What you are asked to do => The lines to be copied are those below that contain "dots".

....

lemma E_term_le:
  "2 * kE * (E - Es) * fE S E \<le> (mu + psi) / (2 * Nmax) * (S - Ss)^2 - kE * mu * (E - Es)^2"
proof -
  let ?u = "S - Ss" and ?v = "E - Es"
  have cross: "2 * psi * ?u * ?v \<le> psi^2 * ?u^2 / mu + mu * ?v^2"
  proof -
    have "0 \<le> (psi * ?u - mu * ?v)^2 / mu" using mu_pos by simp
    also have "(psi * ?u - mu * ?v)^2 / mu = psi^2 * ?u^2 / mu + mu * ?v^2 - 2 * psi * ?u * ?v"
      using mu_pos by (simp add: field_simps power2_eq_square)
    finally show ?thesis by simp
  qed
  have fE: "fE S E = psi * ?u - mu * ?v" using E_balance by (simp add: fE_def algebra_simps)
  have "2 * kE * ?v * fE S E = kE * (2 * psi * ?u * ?v) - 2 * kE * mu * ?v^2"
    unfolding fE by (simp add: algebra_simps power2_eq_square)
  also have "\<dots> \<le> kE * (psi^2 * ?u^2 / mu + mu * ?v^2) - 2 * kE * mu * ?v^2"
    using cross kE_pos by (simp add: mult_left_mono)
  also have "\<dots> = kE * psi^2 / mu * ?u^2 - kE * mu * ?v^2" by (simp add: algebra_simps)
  finally have "2 * kE * ?v * fE S E \<le> kE * psi^2 / mu * ?u^2 - kE * mu * ?v^2" .
  moreover have "kE * psi^2 / mu \<le> (mu + psi) / (2 * Nmax)"
  proof -
    define D where "D = mu * mu + psi * psi"
    have D: "0 < D" "psi^2 \<le> D" using mu_pos by (simp_all add: D_def add_pos_nonneg power2_eq_square)
    have "kE * psi^2 / mu = mu / (2 * Nmax) * (psi^2 / D)"
      using mu_pos Nmax_pos D by (simp add: kE_def D_def[symmetric] field_simps)
    also have "\<dots> \<le> mu / (2 * Nmax) * 1"
      using mu_pos Nmax_pos D by (intro mult_left_mono) simp_all
    also have "\<dots> \<le> (mu + psi) / (2 * Nmax)" using psi_nonneg Nmax_pos by (simp add: divide_right_mono)
    finally show ?thesis .
  qed
  then have "kE * psi^2 / mu * ?u^2 \<le> (mu + psi) / (2 * Nmax) * ?u^2" by (rule mult_right_mono) simp
  ultimately show ?thesis by linarith
qed

lemma lyap_deriv_le:
  assumes S: "0 < S" "S \<le> Nmax" and I: "0 < I" "I \<le> Nmax" and C: "0 < C" "C \<le> Nmax"
    and A: "0 < A" "A \<le> Nmax"
  shows "lyap_deriv S I C A E \<le> - kappa * dissipation S I C A E"
proof -
  let ?u = "S - Ss" and ?v = "E - Es" and ?X = "C * Is - Cs * I" and ?Y = "A * Is - As * I"
  have "etaC*beta1*Ss*Cs*(3 - Ss/S - S*C*Is/(Ss*Cs*I) - I*Cs/(Is*C)) \<le> 0"
    by (rule AM_GM_term_nonpos) (use S I C Cs_pos etaC_pos beta1_pos Ss_pos in simp_all)
  moreover have "etaA*beta1*Ss*As*(3 - Ss/S - S*A*Is/(Ss*As*I) - I*As/(Is*A)) \<le> 0"
    by (rule AM_GM_term_nonpos) (use S I A As_pos etaA_pos beta1_pos Ss_pos in simp_all)
  moreover have "(mu + psi) * ?u^2 / Nmax \<le> (mu + psi) * ?u^2 / S"
    using S mu_pos psi_nonneg by (intro divide_left_mono) simp_all
  moreover have "0 \<le> beta1 * Is * ?u^2 / S" using beta1_pos Is_pos S by simp
  moreover have "omega * ?X^2 / (Is * Nmax^2) \<le> omega * ?X^2 / (Is * C * I)"
    using Is_pos C I omega_pos mult_mono[of C Nmax I Nmax]
    by (intro divide_left_mono) (simp_all add: power2_eq_square)
  moreover have "alpha * ?Y^2 / (Is * Nmax^2) \<le> alpha * ?Y^2 / (Is * A * I)"
    using Is_pos A I alpha_pos mult_mono[of A Nmax I Nmax]
    by (intro divide_left_mono) (simp_all add: power2_eq_square)
  moreover note E_term_le[of E S]
  moreover have "lyap_deriv S I C A E = - (mu + psi)*?u^2/S - beta1*Is*?u^2/S
      + etaC*beta1*Ss*Cs*(3 - Ss/S - S*C*Is/(Ss*Cs*I) - I*Cs/(Is*C))
      + etaA*beta1*Ss*As*(3 - Ss/S - S*A*Is/(Ss*As*I) - I*As/(Is*A))
      - omega*?X^2/(Is*C*I) - alpha*?Y^2/(Is*A*I) + 2 * kE * ?v * fE S E"
    unfolding lyap_deriv_def lyap_deriv_SICA_eq[OF S(1) I(1) C(1) A(1), symmetric] by simp
  moreover have "(mu + psi) * ?u^2 / Nmax = 2 * ((mu + psi) / (2 * Nmax) * ?u^2)"
    "omega * ?X^2 / (Is * Nmax^2) = (omega / (Is * Nmax^2)) * ?X^2"
    "alpha * ?Y^2 / (Is * Nmax^2) = (alpha / (Is * Nmax^2)) * ?Y^2"
    by simp_all
  ultimately have main: "lyap_deriv S I C A E \<le> - ((mu + psi) / (2 * Nmax)) * ?u^2 - (kE * mu) * ?v^2
      - (omega / (Is * Nmax^2)) * ?X^2 - (alpha / (Is * Nmax^2)) * ?Y^2"
    by linarith
  have "kappa * ?u^2 \<le> (mu + psi) / (2 * Nmax) * ?u^2" "kappa * ?v^2 \<le> (kE * mu) * ?v^2"
    "kappa * ?X^2 \<le> (omega / (Is * Nmax^2)) * ?X^2" "kappa * ?Y^2 \<le> (alpha / (Is * Nmax^2)) * ?Y^2"
    by (intro mult_right_mono; simp add: kappa_def)+
  with main show ?thesis by (simp add: dissipation_def algebra_simps)
qed

lemma lyap_excess_eq:
  assumes "0 < S" "0 < I" "0 < C" "0 < A"
  shows "lyap S I C A E - lyap Ss Is Cs As Es = Ss * volterra (S / Ss) + Is * volterra (I / Is)
    + wC * (Cs * volterra (C / Cs)) + wA * (As * volterra (A / As)) + kE * (E - Es)^2"
proof -
  have "lyap S I C A E - lyap Ss Is Cs As Es = ((S - Ss * ln S) - (Ss - Ss * ln Ss))
      + ((I - Is * ln I) - (Is - Is * ln Is)) + wC * ((C - Cs * ln C) - (Cs - Cs * ln Cs))
      + wA * ((A - As * ln A) - (As - As * ln As)) + kE * (E - Es)^2"
    by (simp add: lyap_def algebra_simps)
  then show ?thesis using assms Ss_pos Is_pos Cs_pos As_pos by (simp add: volterra_scaled_eq)
qed

lemma lyap_ge_endemic:
  assumes "0 < S" "0 < I" "0 < C" "0 < A"
  shows "lyap Ss Is Cs As Es \<le> lyap S I C A E"
proof -
  have "0 \<le> Ss * volterra (S / Ss)" "0 \<le> Is * volterra (I / Is)" "0 \<le> wC * (Cs * volterra (C / Cs))"
    "0 \<le> wA * (As * volterra (A / As))" "0 \<le> kE * (E - Es)^2"
    using assms Ss_pos Is_pos Cs_pos As_pos wC_pos wA_pos kE_pos volterra_nonneg by simp_all
  then show ?thesis using lyap_excess_eq[OF assms, of E] by linarith
qed

definition "lyap_lower = min (min 1 (min wC wA) / (2 * Nmax)) kE"
definition "lyap_upper = max (max (2 / Ss) (2 / Is)) (max (max (2 * wC / Cs) (2 * wA / As)) kE)"

lemma lyap_lower_pos: "0 < lyap_lower" and lyap_upper_pos: "0 < lyap_upper"
  using wC_pos wA_pos kE_pos Nmax_pos Ss_pos
  by (simp_all add: lyap_lower_def lyap_upper_def less_max_iff_disj)

lemma lyap_excess_ge:
  assumes "0 < S" "S \<le> Nmax" "0 < I" "I \<le> Nmax" "0 < C" "C \<le> Nmax" "0 < A" "A \<le> Nmax"
  shows "lyap_lower * ((S - Ss)^2 + (I - Is)^2 + (C - Cs)^2 + (A - As)^2 + (E - Es)^2)
    \<le> lyap S I C A E - lyap Ss Is Cs As Es"
proof -
  have le: "lyap_lower \<le> 1 / (2 * Nmax)" "lyap_lower \<le> wC / (2 * Nmax)" "lyap_lower \<le> wA / (2 * Nmax)"
    "lyap_lower \<le> kE"
    using Nmax_pos by (auto simp: lyap_lower_def min_le_iff_disj intro: divide_right_mono)
  have "lyap_lower * (S - Ss)^2 \<le> 1 * (Ss * volterra (S / Ss))"
    by (rule weighted_volterra_ge) (use assms Ss_pos endemic_le_Nmax le in simp_all)
  moreover have "lyap_lower * (I - Is)^2 \<le> 1 * (Is * volterra (I / Is))"
    by (rule weighted_volterra_ge) (use assms Is_pos endemic_le_Nmax le in simp_all)
  moreover have "lyap_lower * (C - Cs)^2 \<le> wC * (Cs * volterra (C / Cs))"
    by (rule weighted_volterra_ge) (use assms Cs_pos endemic_le_Nmax le wC_pos in simp_all)
  moreover have "lyap_lower * (A - As)^2 \<le> wA * (As * volterra (A / As))"
    by (rule weighted_volterra_ge) (use assms As_pos endemic_le_Nmax le wA_pos in simp_all)
  moreover have "lyap_lower * (E - Es)^2 \<le> kE * (E - Es)^2" using le(4) by (rule mult_right_mono) simp
  ultimately show ?thesis using lyap_excess_eq[of S I C A E] assms by (simp add: algebra_simps)
qed

lemma lyap_excess_le:
  assumes "Ss / 2 \<le> S" "Is / 2 \<le> I" "Cs / 2 \<le> C" "As / 2 \<le> A"
  shows "lyap S I C A E - lyap Ss Is Cs As Es
    \<le> lyap_upper * ((S - Ss)^2 + (I - Is)^2 + (C - Cs)^2 + (A - As)^2 + (E - Es)^2)"
proof -
  have le: "2 * 1 / Ss \<le> lyap_upper" "2 * 1 / Is \<le> lyap_upper" "2 * wC / Cs \<le> lyap_upper"
    "2 * wA / As \<le> lyap_upper" "kE \<le> lyap_upper"
    by (simp_all add: lyap_upper_def le_max_iff_disj)
  have pos: "0 < S" "0 < I" "0 < C" "0 < A" using assms Ss_pos Is_pos Cs_pos As_pos by linarith+
  have "1 * (Ss * volterra (S / Ss)) \<le> lyap_upper * (S - Ss)^2"
    by (rule weighted_volterra_le) (use assms Ss_pos le in simp_all)
  moreover have "1 * (Is * volterra (I / Is)) \<le> lyap_upper * (I - Is)^2"
    by (rule weighted_volterra_le) (use assms Is_pos le in simp_all)
  moreover have "wC * (Cs * volterra (C / Cs)) \<le> lyap_upper * (C - Cs)^2"
    by (rule weighted_volterra_le) (use assms Cs_pos le wC_pos in simp_all)
  moreover have "wA * (As * volterra (A / As)) \<le> lyap_upper * (A - As)^2"
    by (rule weighted_volterra_le) (use assms As_pos le wA_pos in simp_all)
  moreover have "kE * (E - Es)^2 \<le> lyap_upper * (E - Es)^2" using le(5) by (rule mult_right_mono) simp
  ultimately show ?thesis using lyap_excess_eq[OF pos, of E] by (simp add: algebra_simps)
qed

....

Exercise result =>
  also have "\<dots> \<le> kE * (psi^2 * ?u^2 / mu + mu * ?v^2) - 2 * kE * mu * ?v^2"
  also have "\<dots> = kE * psi^2 / mu * ?u^2 - kE * mu * ?v^2" by (simp add: algebra_simps)
    also have "\<dots> \<le> mu / (2 * Nmax) * 1"
    also have "\<dots> \<le> (mu + psi) / (2 * Nmax)" using psi_nonneg Nmax_pos by (simp add: divide_right_mono)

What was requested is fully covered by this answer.